Today, when you recycle a plastic container, it goes to a material recovery facility, where it must be identified and sorted.

Facilities typically rely on imprecise older technology to try to figure out materials in a particular piece of waste. Workers standing next to conveyor belts as packages whiz by can catch others.

But by embedding a microscopic change in a pattern of pixels—called an invisible bar code—on the label, software can instantly identify the package so it can be sorted and recycled correctly.

Several of the world’s largest brands, including PepsiCo, Nestle, and P&G, have spent the last two years collaborating with Digimarc, the company that developed the technology.

Working with recyclers, retailers, and recycling machine manufacturers to test the system, the project aims to target one of the reasons that many plastic packages end up in landfills.

“Obviously, there isn’t one silver bullet solution to the plastic issue,” says Sander Defruyt, who leads the New Plastics Economy initiative at the nonprofit Ellen MacArthur Foundation, which initially brought the companies together when the project began.
非营利性组织艾伦·麦克阿瑟基金会“新塑料经济”倡议的发起人Sander Defruyt说:“显然解决塑料问题没有万全之策”,在项目开始之初就是艾伦·麦克阿瑟基金会把各公司召集到一起的。
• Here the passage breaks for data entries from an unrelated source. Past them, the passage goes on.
(* Let $q\geq 3$ be a prime power and let $k_1,k_2,l$ be non-negative integers such that $k_1=k_2=l+1\leq q-1$. Then there exists a linear $l$-intersection pair of two MDS codes over $\mathbb{F}_q$ both with parameters $[q,l+1,q-l]_q$.
   Context: An $[n,k,d]_q$ linear code is a $k$-dimensional subspace of $\mathbb{F}_q^n$ with minimum Hamming distance $d$; it is MDS if $d=n-k+1$. Two linear codes $C_1,C_2\subseteq\mathbb{F}_q^n$ form a linear $l$-intersection pair if $\dim(C_1\cap C_2)=l$. *)

theory Defs
  imports "HOL-Analysis.Analysis"
begin

definition hamming_dist :: "'a ^ 'n \<Rightarrow> 'a ^ 'n \<Rightarrow> nat" where
  "hamming_dist x y = card {i. x $ i \<noteq> y $ i}"

definition min_dist :: "('a ^ 'n) set \<Rightarrow> nat" where
  "min_dist C = Min {hamming_dist x y | x y. x \<in> C \<and> y \<in> C \<and> x \<noteq> y}"

definition is_linear_code :: "('a::field ^ 'n) set \<Rightarrow> nat \<Rightarrow> nat \<Rightarrow> nat \<Rightarrow> bool" where
  "is_linear_code C n k d \<longleftrightarrow> n = CARD('n) \<and> vec.subspace C \<and> vec.dim C = k \<and> min_dist C = d"

definition is_MDS :: "('a::field ^ 'n) set \<Rightarrow> bool" where
  "is_MDS C \<longleftrightarrow> vec.subspace C \<and> min_dist C = CARD('n) - vec.dim C + 1"

definition is_l_intersection_pair :: "('a::field ^ 'n) set \<Rightarrow> ('a ^ 'n) set \<Rightarrow> nat \<Rightarrow> bool" where
  "is_l_intersection_pair C1 C2 l \<longleftrightarrow> vec.subspace C1 \<and> vec.subspace C2 \<and> vec.dim (C1 \<inter> C2) = l"

end

theory Submission
  imports Defs "HOL-Computational_Algebra.Polynomial"
begin

text \<open>Both codes are generalized Reed--Solomon codes of dimension \<open>l + 1\<close> evaluating at all
  \<open>q\<close> field elements: \<open>C\<^sub>1\<close> with all column multipliers \<open>1\<close>, and \<open>C\<^sub>2\<close> with multiplier
  \<open>c \<notin> {0, 1}\<close> at the point \<open>0\<close>. GRS codes are MDS because a nonzero polynomial of degree
  \<open>\<le> l\<close> has at most \<open>l\<close> roots. A common codeword comes from polynomials \<open>f, g\<close> of degree
  \<open>\<le> l < q - 1\<close> agreeing on the \<open>q - 1\<close> nonzero points, so \<open>f = g\<close>, and then
  \<open>f(0) = c f(0)\<close> forces \<open>f(0) = 0\<close>. Hence \<open>C\<^sub>1 \<inter> C\<^sub>2\<close> is the evaluation code of the
  polynomials spanned by \<open>x, \<dots>, x\<^sup>l\<close>, of dimension \<open>l\<close>.\<close>

definition weighted_eval :: "('n::finite \<Rightarrow> 'a::field) \<Rightarrow> ('n \<Rightarrow> 'a) \<Rightarrow> 'a poly \<Rightarrow> 'a ^ 'n" where
  "weighted_eval w e p = (\<chi> i. w i * poly p (e i))"

definition polys_supported :: "nat set \<Rightarrow> 'a::zero poly set" where
  "polys_supported J = {p. \<forall>n. n \<notin> J \<longrightarrow> coeff p n = 0}"

text \<open>The usual GRS code of dimension \<open>k\<close> is the case \<open>J = {..<k}\<close>; other exponent sets
  \<open>J\<close> give its subcodes spanned by monomials.\<close>

definition grs_code :: "('n::finite \<Rightarrow> 'a::field) \<Rightarrow> ('n \<Rightarrow> 'a) \<Rightarrow> nat set \<Rightarrow> ('a ^ 'n) set" where
  "grs_code w e J = weighted_eval w e ` polys_supported J"

definition hamming_weight :: "'a::zero ^ 'n \<Rightarrow> nat" where
  "hamming_weight x = card {i. x $ i \<noteq> 0}"

lemma weighted_eval_0 [simp]: "weighted_eval w e 0 = 0"
  by (simp add: weighted_eval_def vec_eq_iff)

lemma weighted_eval_add [simp]: "weighted_eval w e (p + r) = weighted_eval w e p + weighted_eval w e r"
  by (simp add: weighted_eval_def vec_eq_iff algebra_simps)

lemma weighted_eval_diff [simp]: "weighted_eval w e (p - r) = weighted_eval w e p - weighted_eval w e r"
  by (simp add: weighted_eval_def vec_eq_iff algebra_simps)

lemma weighted_eval_smult [simp]: "weighted_eval w e (smult c p) = c *s weighted_eval w e p"
  by (simp add: weighted_eval_def vec_eq_iff algebra_simps)

lemma weighted_eval_sum [simp]: "weighted_eval w e (\<Sum>j\<in>J. f j) = (\<Sum>j\<in>J. weighted_eval w e (f j))"
  by (simp add: weighted_eval_def vec_eq_iff poly_sum sum_distrib_left)

lemma weighted_eval_monom: "weighted_eval w e (monom c j) = c *s weighted_eval w e (monom 1 j)"
  by (simp add: weighted_eval_def vec_eq_iff poly_monom)

lemma polys_supported_lessThan_Suc_iff: "p \<in> polys_supported {..<Suc m} \<longleftrightarrow> degree p \<le> m"
  by (auto simp: polys_supported_def intro: degree_le coeff_eq_0)

lemma degree_in_support:
  assumes "p \<in> polys_supported J" "p \<noteq> 0"
  shows "degree p \<in> J"
  using assms leading_coeff_neq_0 by (auto simp: polys_supported_def)

lemma sum_monom_coeff_supported:
  assumes "finite J" "p \<in> polys_supported J"
  shows "(\<Sum>j\<in>J. monom (coeff p j) j) = p"
proof (rule poly_eqI)
  fix n
  have "coeff (\<Sum>j\<in>J. monom (coeff p j) j) n = (\<Sum>j\<in>J. if j = n then coeff p j else 0)"
    by (simp add: coeff_sum coeff_monom)
  also have "\<dots> = coeff p n"
    using assms by (simp add: sum.delta' polys_supported_def)
  finally show "coeff (\<Sum>j\<in>J. monom (coeff p j) j) n = coeff p n" .
qed

lemma subspace_grs_code: "vec.subspace (grs_code w e J)"
  unfolding vec.subspace_def grs_code_def
proof (intro conjI ballI allI)
  show "0 \<in> weighted_eval w e ` polys_supported J"
    by (rule image_eqI[of _ _ 0]) (auto simp: polys_supported_def)
next
  fix x y assume "x \<in> weighted_eval w e ` polys_supported J" "y \<in> weighted_eval w e ` polys_supported J"
  then obtain p r where "p \<in> polys_supported J" "r \<in> polys_supported J"
    "x = weighted_eval w e p" "y = weighted_eval w e r" by auto
  then show "x + y \<in> weighted_eval w e ` polys_supported J"
    by (intro image_eqI[of _ _ "p + r"]) (auto simp: polys_supported_def)
next
  fix c x assume "x \<in> weighted_eval w e ` polys_supported J"
  then obtain p where "p \<in> polys_supported J" "x = weighted_eval w e p" by auto
  then show "c *s x \<in> weighted_eval w e ` polys_supported J"
    by (intro image_eqI[of _ _ "smult c p"]) (auto simp: polys_supported_def)
qed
“We need to start by eliminating the plastic we don’t need. We need a lot of innovation shifting from single-use to reuse business models. But recycling is still one part of the problem, and [brands] realize that to make recycling work, we need to improve the way plastic waste is sorted in sorting centers.”
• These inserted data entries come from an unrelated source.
lemma exists_oriented_matching:
  fixes w :: "'a \<Rightarrow> real"
  assumes "pair_matching S P"
  shows "\<exists>Q. pair_matching S Q \<and> card Q = card P \<and>
           (\<forall>q\<in>Q. \<exists>p\<in>P. w (fst q) - w (snd q) = \<bar>w (fst p) - w (snd p)\<bar>)"
proof -
  define orient where "orient p = (if w (snd p) \<le> w (fst p) then p else (snd p, fst p))" for p
  have same_ends: "{fst (orient p), snd (orient p)} = {fst p, snd p}" for p
    unfolding orient_def by auto
  have "inj_on orient P"
  proof (rule inj_onI)
    fix p p' assume "p \<in> P" "p' \<in> P" "orient p = orient p'"
    then show "p = p'" using pair_matching_unique[OF assms, of p p' "fst p"] same_ends[of p] same_ends[of p'] by auto
  qed
  moreover have "pair_matching S (orient ` P)"
  proof -
    have "finite (orient ` P)" using pair_matching_finite[OF assms] by simp
    moreover have "\<forall>q\<in>orient ` P. fst q \<in> S \<and> snd q \<in> S \<and> fst q \<noteq> snd q"
      using pair_matchingD[OF assms] by (auto simp: orient_def)
    moreover have "{fst q, snd q} \<inter> {fst q', snd q'} = {}"
      if q: "q \<in> orient ` P" "q' \<in> orient ` P" "q \<noteq> q'" for q q'
    proof -
      obtain p p' where "p \<in> P" "p' \<in> P" "q = orient p" "q' = orient p'" using q(1,2) by auto
      moreover have "p \<noteq> p'" using q(3) calculation(3,4) by auto
      ultimately have "{fst p, snd p} \<inter> {fst p', snd p'} = {}" using assms unfolding pair_matching_def by blast
      then show ?thesis using same_ends \<open>q = orient p\<close> \<open>q' = orient p'\<close> by metis
    qed
    ultimately show ?thesis unfolding pair_matching_def by blast
  qed
  moreover have "\<forall>q\<in>orient ` P. \<exists>p\<in>P. w (fst q) - w (snd q) = \<bar>w (fst p) - w (snd p)\<bar>"
  proof
    fix q assume "q \<in> orient ` P"
    then obtain p where p: "p \<in> P" "q = orient p" by auto
    then have "w (fst q) - w (snd q) = \<bar>w (fst p) - w (snd p)\<bar>" unfolding orient_def by auto
    then show "\<exists>p\<in>P. w (fst q) - w (snd q) = \<bar>w (fst p) - w (snd p)\<bar>" using p(1) by blast
  qed
  ultimately show ?thesis by (intro exI[of _ "orient ` P"]) (simp add: card_image)
qed

lemma exists_coordinate_separated_half:
  fixes v :: "'a \<Rightarrow> real ^ 2"
  assumes "finite P" "\<forall>p\<in>P. dist (v (fst p)) (v (snd p)) > 2 * \<beta>"
  shows "\<exists>c Q. Q \<subseteq> P \<and> card P \<le> 2 * card Q \<and> (\<forall>p\<in>Q. \<bar>v (fst p) $ c - v (snd p) $ c\<bar> > \<beta>)"
proof -
  have sep: "2 * \<beta> < \<bar>v (fst p) $ 1 - v (snd p) $ 1\<bar> + \<bar>v (fst p) $ 2 - v (snd p) $ 2\<bar>" if "p \<in> P" for p
  proof -
    have "dist (v (fst p)) (v (snd p)) \<le> \<bar>v (fst p) $ 1 - v (snd p) $ 1\<bar> + \<bar>v (fst p) $ 2 - v (snd p) $ 2\<bar>"
      using norm_le_l1_cart[of "v (fst p) - v (snd p)"] by (simp add: sum_2 dist_norm)
    moreover have "dist (v (fst p)) (v (snd p)) > 2 * \<beta>" using assms(2) that by blast
    ultimately show ?thesis by linarith
  qed
  define Q1 where "Q1 = {p\<in>P. \<bar>v (fst p) $ 2 - v (snd p) $ 2\<bar> \<le> \<bar>v (fst p) $ 1 - v (snd p) $ 1\<bar>}"
  have "Q1 \<subseteq> P" unfolding Q1_def by auto
  then have "card Q1 + card (P - Q1) = card P"
    using assms(1) by (simp add: card_Diff_subset card_mono finite_subset)
  then consider "card P \<le> 2 * card Q1" | "card P \<le> 2 * card (P - Q1)" by linarith
  then show ?thesis
  proof cases
    case 1
    moreover have "\<bar>v (fst p) $ 1 - v (snd p) $ 1\<bar> > \<beta>" if "p \<in> Q1" for p
      using sep[of p] that unfolding Q1_def by simp
    ultimately show ?thesis using \<open>Q1 \<subseteq> P\<close> by blast
  next
    case 2
    moreover have "\<bar>v (fst p) $ 2 - v (snd p) $ 2\<bar> > \<beta>" if "p \<in> P - Q1" for p
      using sep[of p] that unfolding Q1_def by auto
    ultimately show ?thesis by blast
  qed
qed

lemma small_ball_prob_le_matching:
  fixes v :: "nat \<Rightarrow> real ^ 2"
  assumes P: "pair_matching {..<n} P" "P \<noteq> {}" and gap: "\<forall>p\<in>P. \<bar>v (fst p) $ c - v (snd p) $ c\<bar> > \<beta>"
    and "\<beta> \<ge> 0" and \<epsilon>: "0 < \<epsilon>" "\<epsilon> \<le> 1" and s: "\<bar>real_of_int s\<bar> \<le> (1 - \<epsilon>) * real n"
  shows "small_ball_prob n v s \<beta> z \<le> (144 / \<epsilon> ^ 4 + 2 / \<epsilon>) / sqrt (card P)"
proof -
  define w where "w i = v i $ c" for i
  obtain Q where Q: "pair_matching {..<n} Q" "card Q = card P"
    "\<forall>q\<in>Q. \<exists>p\<in>P. w (fst q) - w (snd q) = \<bar>w (fst p) - w (snd p)\<bar>"
    using exists_oriented_matching[OF P(1)] by blast
  have "Q \<noteq> {}" using Q(2) P pair_matching_finite[OF P(1)] by auto
  have "\<forall>q\<in>Q. w (fst q) - w (snd q) > \<beta>" using Q(3) gap unfolding w_def by metis
  note window = card_window_le_inverse_sqrt[OF \<epsilon> s Q(1) \<open>Q \<noteq> {}\<close> this \<open>\<beta> \<ge> 0\<close>, of "z $ c"]
  have "{x \<in> sign_vecs n s. (\<Sum>i<n. of_int (x i) *\<^sub>R v i) \<in> cball z \<beta>}
      \<subseteq> {y \<in> sign_vecs n s. \<bar>weighted_sum n w y - z $ c\<bar> \<le> \<beta>}"
  proof safe
    fix x assume "x \<in> sign_vecs n s" "(\<Sum>i<n. of_int (x i) *\<^sub>R v i) \<in> cball z \<beta>"
    have "\<bar>weighted_sum n w x - z $ c\<bar> = \<bar>((\<Sum>i<n. of_int (x i) *\<^sub>R v i) - z) $ c\<bar>"
      unfolding w_def weighted_sum_def by simp
    also have "\<dots> \<le> norm ((\<Sum>i<n. of_int (x i) *\<^sub>R v i) - z)" by (rule component_le_norm_cart)
    also have "\<dots> \<le> \<beta>" using \<open>(\<Sum>i<n. of_int (x i) *\<^sub>R v i) \<in> cball z \<beta>\<close>
      by (simp add: dist_norm norm_minus_commute)
    finally show "\<bar>weighted_sum n w x - z $ c\<bar> \<le> \<beta>" .
  qed
  then have "card {x \<in> sign_vecs n s. (\<Sum>i<n. of_int (x i) *\<^sub>R v i) \<in> cball z \<beta>}
      \<le> card {y \<in> sign_vecs n s. \<bar>weighted_sum n w y - z $ c\<bar> \<le> \<beta>}"
    by (intro card_mono) (simp_all add: finite_sign_vecs)
  then have "small_ball_prob n v s \<beta> z
      \<le> real (card {y \<in> sign_vecs n s. \<bar>weighted_sum n w y - z $ c\<bar> \<le> \<beta>}) / card (sign_vecs n s)"
    unfolding small_ball_prob_def by (intro divide_right_mono) simp_all
  also have "\<dots> \<le> (144 / \<epsilon> ^ 4 + 2 / \<epsilon>) / sqrt (card P)"
    using window \<epsilon> unfolding Q(2) by (cases "card (sign_vecs n s) = 0") (simp_all add: divide_le_eq)
  finally show ?thesis .
qed

lemma inverse_sqrt_le:
  assumes "1 < n'" "n' < real n" "n' < 4 * q"
  shows "1 / sqrt q \<le> 2 * sqrt (real n) / n'"
proof -
  have "sqrt n' / 2 \<le> sqrt q"
    using real_sqrt_le_mono[of "n' / 4" q] assms by (simp add: real_sqrt_divide)
  then have "1 / sqrt q \<le> 2 / sqrt n'" using assms by (simp add: field_simps)
  also have "\<dots> = 2 * sqrt n' / n'" using assms by (simp add: field_simps)
  also have "\<dots> \<le> 2 * sqrt (real n) / n'" using assms by (intro divide_right_mono) auto
  finally show ?thesis .
qed

lemma card_matching_gt:
  fixes v :: "nat \<Rightarrow> 'b::metric_space"
  assumes P: "pair_matching {..<n} P"
    and close: "\<forall>i\<in>{..<n} - matched_points P. \<forall>j\<in>{..<n} - matched_points P. dist (v i) (v j) \<le> R"
    and spread: "\<forall>q. real (card {i\<in>{..<n}. dist (v i) q \<le> R}) < real n - n'"
  shows "n' < 2 * real (card P)"
proof -
  define U where "U = {..<n} - matched_points P"
  have "real (card U) < real n - n'"
  proof (cases "U = {}")
    case True
    then show ?thesis using spread[rule_format, of undefined] by simp
  next
    case False
    then obtain u where "u \<in> U" by auto
    then have "U \<subseteq> {i\<in>{..<n}. dist (v i) (v u) \<le> R}" using close unfolding U_def by auto
    then have "card U \<le> card {i\<in>{..<n}. dist (v i) (v u) \<le> R}" by (intro card_mono) auto
    then show ?thesis using spread[rule_format, of "v u"] by linarith
  qed
  moreover have "card U = n - 2 * card P" "2 * card P \<le> n"
    using card_Diff_subset[OF _ matched_points_subset[OF P subset_refl]] card_matched_points[OF P]
      pair_matching_card_le[OF P] finite_subset[OF matched_points_subset[OF P subset_refl]]
    unfolding U_def by auto
  ultimately show ?thesis by simp
qed


lemma rho_star_le_matching:
  fixes v :: "nat \<Rightarrow> real ^ 2"
  assumes "pair_matching {..<n} P" "P \<noteq> {}" "\<forall>p\<in>P. \<bar>v (fst p) $ c - v (snd p) $ c\<bar> > \<beta>"
    and "\<beta> \<ge> 0" "0 < \<epsilon>" "\<epsilon> \<le> 1" "\<bar>real_of_int s\<bar> \<le> (1 - \<epsilon>) * real n"
  shows "rho_star n v s \<beta> \<le> (144 / \<epsilon> ^ 4 + 2 / \<epsilon>) / sqrt (card P)"
  unfolding rho_star_def by (rule cSUP_least) (use small_ball_prob_le_matching[OF assms] in auto)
By sorting more accurately, the final bales of material are more valuable, and the total amount of material that can be recycled increases.

The system can identify whether a bottle was used for food or something like shampoo—a crucial step that current systems can’t accomplish but is necessary for food companies that want to buy recycled plastic to reuse in new packaging, as European regulations prohibit them from using recycled plastic that was originally for something other than food.